lemma ext_le_booleanize_iff:
  assumes f: "f \<in> ext_C (UNIV::'a::frame set)" and g: "g \<in> ext_C (UNIV::'a set)"
  shows "ext_le (booleanize f) (booleanize g) \<longleftrightarrow> ext_le f g"
proof
  assume "ext_le f g"
  then show "ext_le (booleanize f) (booleanize g)"
    by (simp add: ext_le_def booleanize_def pc_pc_mono)
next
  assume "ext_le (booleanize f) (booleanize g)"
  then have "pc (pc (snd g s)) \<le> pc (pc (snd f s))" for s
    by (simp add: ext_le_def booleanize_def)
  then have "pc (snd f s) \<le> pc (snd g s)" for s
    using pc_antimono by (metis pc_pc_pc)
  then have "fst f r \<le> fst g r" for r
    using ext_C_UNIV_upper_eq[of "fst f" "snd f"] ext_C_UNIV_upper_eq[of "fst g" "snd g"] f g
    by (simp add: SUP_mono')
  then show "ext_le f g" using ext_le_UNIV_iff[OF f g] by blast
qed

lemma ext_C_booleanization_has_lub:
  assumes S: "S \<subseteq> ext_C (booleanization::'a::frame set)"
  shows "\<exists>x. lub_wrt ext_le (ext_C booleanization) S x"
proof -
  define U where "U r = pc (pc (SUP f\<in>S. fst f r))" for r
  have f_eq: "fst f r = pc (pc (SUP s\<in>{r<..}. fst f s))" if "f \<in> S" for f r
    using S that by (blast intro: ext_C_booleanization_fstD)
  have U_eq: "U r = pc (pc (SUP s\<in>{r<..}. U s))" for r
  proof -
    have "pc (pc (SUP s\<in>{r<..}. U s)) = pc (pc (SUP s\<in>{r<..}. SUP f\<in>S. fst f s))"
      unfolding U_def by (rule pc_pc_SUP_pc_pc)
    also have "\<dots> = pc (pc (SUP f\<in>S. SUP s\<in>{r<..}. fst f s))"
      by (subst SUP_commute) (rule refl)
    also have "\<dots> = pc (pc (SUP f\<in>S. pc (pc (SUP s\<in>{r<..}. fst f s))))"
      by (simp only: pc_pc_SUP_pc_pc)
    also have "(SUP f\<in>S. pc (pc (SUP s\<in>{r<..}. fst f s))) = (SUP f\<in>S. fst f r)"
      by (rule SUP_cong[OF refl]) (rule f_eq[symmetric])
    finally show ?thesis unfolding U_def ..
  qed
  define sup_S where "sup_S = (U, \<lambda>s. pc (pc (lower_of U s)))"
  have mem: "sup_S \<in> ext_C booleanization"
    unfolding sup_S_def
    by (rule ext_C_booleanization_intro[OF _ U_eq]) (simp add: U_def pc_pc_in_booleanization)
  have "ext_le f sup_S" if "f \<in> S" for f
  proof -
    have "fst f r \<le> U r" for r
      unfolding U_def using \<open>f \<in> S\<close> by (meson SUP_upper le_pc_pc order_trans)
    then show ?thesis
      using ext_le_booleanization_iff[of f sup_S] S that mem by (auto simp: sup_S_def)
  qed
  moreover have "ext_le sup_S y"
    if y: "y \<in> ext_C booleanization" "\<forall>f\<in>S. ext_le f y" for y
  proof -
    have "fst y r \<in> booleanization" for r
      using y(1) by (rule ext_C_booleanization_fstD)
    moreover have "(SUP f\<in>S. fst f r) \<le> fst y r" for r
      using y S by (intro SUP_least) (auto simp: ext_le_def)
    ultimately have "U r \<le> fst y r" for r
      unfolding U_def by (metis pc_pc_mono pc_pc_booleanization)
    then show ?thesis using ext_le_booleanization_iff[OF mem y(1)] by (simp add: sup_S_def)
  qed
  ultimately show ?thesis using mem unfolding lub_wrt_def by blast
qed

section \<open>Density of the embedding\<close>

lemma glb_wrt_if_lub_wrt_dual:
  assumes lub: "lub_wrt le Q {d \<in> D. le d (\<sigma> q)} (\<sigma> q)"
    and \<sigma>_mem: "\<And>q. q \<in> Q \<Longrightarrow> \<sigma> q \<in> Q" and \<sigma>_\<sigma>: "\<And>q. \<sigma> (\<sigma> q) = q"
    and \<sigma>_le_iff: "\<And>x y. le (\<sigma> y) (\<sigma> x) \<longleftrightarrow> le x y"
    and \<sigma>_D: "\<And>d. d \<in> D \<Longrightarrow> \<sigma> d \<in> D"
  shows "glb_wrt le Q {d \<in> D. le q d} q"
  unfolding glb_wrt_def
proof (intro conjI ballI impI)
  show "q \<in> Q" using lub \<sigma>_mem[of "\<sigma> q"] by (simp add: lub_wrt_def \<sigma>_\<sigma>)
  show "le q d" if "d \<in> {d \<in> D. le q d}" for d using that by simp
  fix y assume "y \<in> Q" and y_below: "\<forall>d\<in>{d \<in> D. le q d}. le y d"
  have "le d (\<sigma> y)" if "d \<in> D" "le d (\<sigma> q)" for d
    using that y_below \<sigma>_D[of d] \<sigma>_le_iff[of "\<sigma> q" d] \<sigma>_le_iff[of "\<sigma> y" d]
    by (simp add: \<sigma>_\<sigma>)
  then have "le (\<sigma> q) (\<sigma> y)" using lub \<sigma>_mem[OF \<open>y \<in> Q\<close>] by (simp add: lub_wrt_def)
  then show "le y q" by (simp add: \<sigma>_le_iff)
qed

lemma ext_C_UNIV_of_rather_below:
  fixes w :: "rat \<Rightarrow> 'a::frame"
  assumes rb: "\<And>r t. r < t \<Longrightarrow> rather_below (w t) (w r)"
  defines "v \<equiv> \<lambda>r. SUP t\<in>{r<..}. w t"
  shows "(v, lower_of v) \<in> ext_C UNIV"
proof (rule ext_C_UNIV_intro)
  show "v r = (SUP s\<in>{r<..}. v s)" for r
    unfolding v_def by (simp add: SUP_greaterThan_greaterThan)
  fix r t :: rat assume "r < t"
  then obtain m r' where "r < m" "m < r'" "r' < t" using dense by (metis less_trans)
  have "v r' \<le> w r'"
    unfolding v_def by (rule SUP_least) (simp add: rb rather_below_le)
  moreover note rb[OF \<open>m < r'\<close>]
  moreover have "w m \<le> v r"
    unfolding v_def using \<open>r < m\<close> by (simp add: SUP_upper)
  ultimately have "rather_below (v r') (v r)" by (rule rather_below_mono)
  moreover have "pc (v r') \<le> lower_of v t"
    unfolding lower_of_def using \<open>r' < t\<close> by (intro SUP_upper) simp
  ultimately show "sup (v r) (lower_of v t) = top"
    unfolding rather_below_def by (metis sup_commute sup_mono order_refl top_unique)
qed

lemma completely_below_ext_C_witness:
  fixes a b :: "'a::frame"
  assumes "completely_below a b" "r < s"
  obtains f where "f \<in> ext_C UNIV" "a \<le> fst f r"
    and "\<And>t. fst f t \<le> b" "\<And>t. s \<le> t \<Longrightarrow> fst f t = bot"
proof -
  obtain c :: "rat \<Rightarrow> 'a" where "c 0 = a" "c 1 = b"
    and c_rb: "\<And>p q. 0 \<le> p \<Longrightarrow> p < q \<Longrightarrow> q \<le> 1 \<Longrightarrow> rather_below (c p) (c q)"
    using assms(1) unfolding completely_below_def by blast
  \<comment> \<open>h maps the rationals below s decreasingly into ]0, 1[, so c \<circ> h is a scale on them\<close>
  define h where "h t = (s - t) / (1 + (s - t))" for t
  have h_bounds: "0 < h t" "h t < 1" if "t < s" for t
    using that by (simp_all add: h_def divide_simps)
  have h_less: "h t < h r" if "r < t" "t < s" for r t
    using that by (simp add: h_def divide_simps algebra_simps)
  define w where "w t = (if t < s then c (h t) else bot)" for t
  define v where "v r = (SUP t\<in>{r<..}. w t)" for r
  have "rather_below (w t) (w r)" if "r < t" for r t
  proof (cases "t < s")
    case True
    then show ?thesis
      using c_rb[of "h t" "h r"] h_bounds[of t] h_bounds[of r] h_less[OF that True] that
      by (simp add: w_def)
  qed (simp add: w_def rather_below_bot)
  then have "(v, lower_of v) \<in> ext_C UNIV"
    unfolding v_def by (rule ext_C_UNIV_of_rather_below)
  moreover have "a \<le> v r"
  proof -
    obtain m where "r < m" "m < s" using \<open>r < s\<close> dense by blast
    then have "a \<le> w m"
      using c_rb[of 0 "h m"] h_bounds[OF \<open>m < s\<close>] \<open>c 0 = a\<close>
      by (simp add: w_def rather_below_le)
    also have "\<dots> \<le> v r" using \<open>r < m\<close> by (simp add: v_def SUP_upper)
    finally show ?thesis .
  qed
  moreover have "v t \<le> b" for t
  proof -
    have "w t' \<le> b" for t'
      using c_rb[of "h t'" 1] h_bounds[of t'] \<open>c 1 = b\<close>
      by (auto simp: w_def intro: rather_below_le)
    then show ?thesis unfolding v_def by (rule SUP_least)
  qed
  moreover have "v t = bot" if "s \<le> t" for t
    using that by (simp add: v_def w_def)
  ultimately show ?thesis by (intro that[of "(v, lower_of v)"]) auto
qed

lemma booleanize_below_witness:
  assumes q: "q \<in> ext_C (booleanization::'a::frame set)"
    and "completely_below a (fst q s)" "r < s"
  obtains f where "f \<in> ext_C UNIV" "a \<le> fst f r" "ext_le (booleanize f) q"
proof -
  obtain f where f: "f \<in> ext_C UNIV" "a \<le> fst f r"
    and f_below: "\<And>t. fst f t \<le> fst q s" and f_bot: "\<And>t. s \<le> t \<Longrightarrow> fst f t = bot"
    using completely_below_ext_C_witness[OF assms(2,3)] by blast
  have "pc (pc (fst f t)) \<le> fst q t" for t
  proof (cases "s \<le> t")
    case False
    then have "fst q s \<le> fst q t"
      using antimonoD[OF antimono_fst_ext_C_booleanization[OF q]] by simp
    then have "pc (pc (fst f t)) \<le> pc (pc (fst q t))"
      using f_below order_trans pc_pc_mono by blast
    then show ?thesis by (simp add: pc_pc_booleanization ext_C_booleanization_fstD(1)[OF q])
  qed (simp add: f_bot)
  then have "ext_le (booleanize f) q"
    using ext_le_booleanization_iff[OF booleanize_mem[OF f(1)] q] by (simp add: booleanize_def)
  with f show ?thesis by (rule that)
qed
== == ==
Find every line above where the word "True" occurs, and copy that line.

Response area:
    case True
      using c_rb[of "h t" "h r"] h_bounds[of t] h_bounds[of r] h_less[OF that True] that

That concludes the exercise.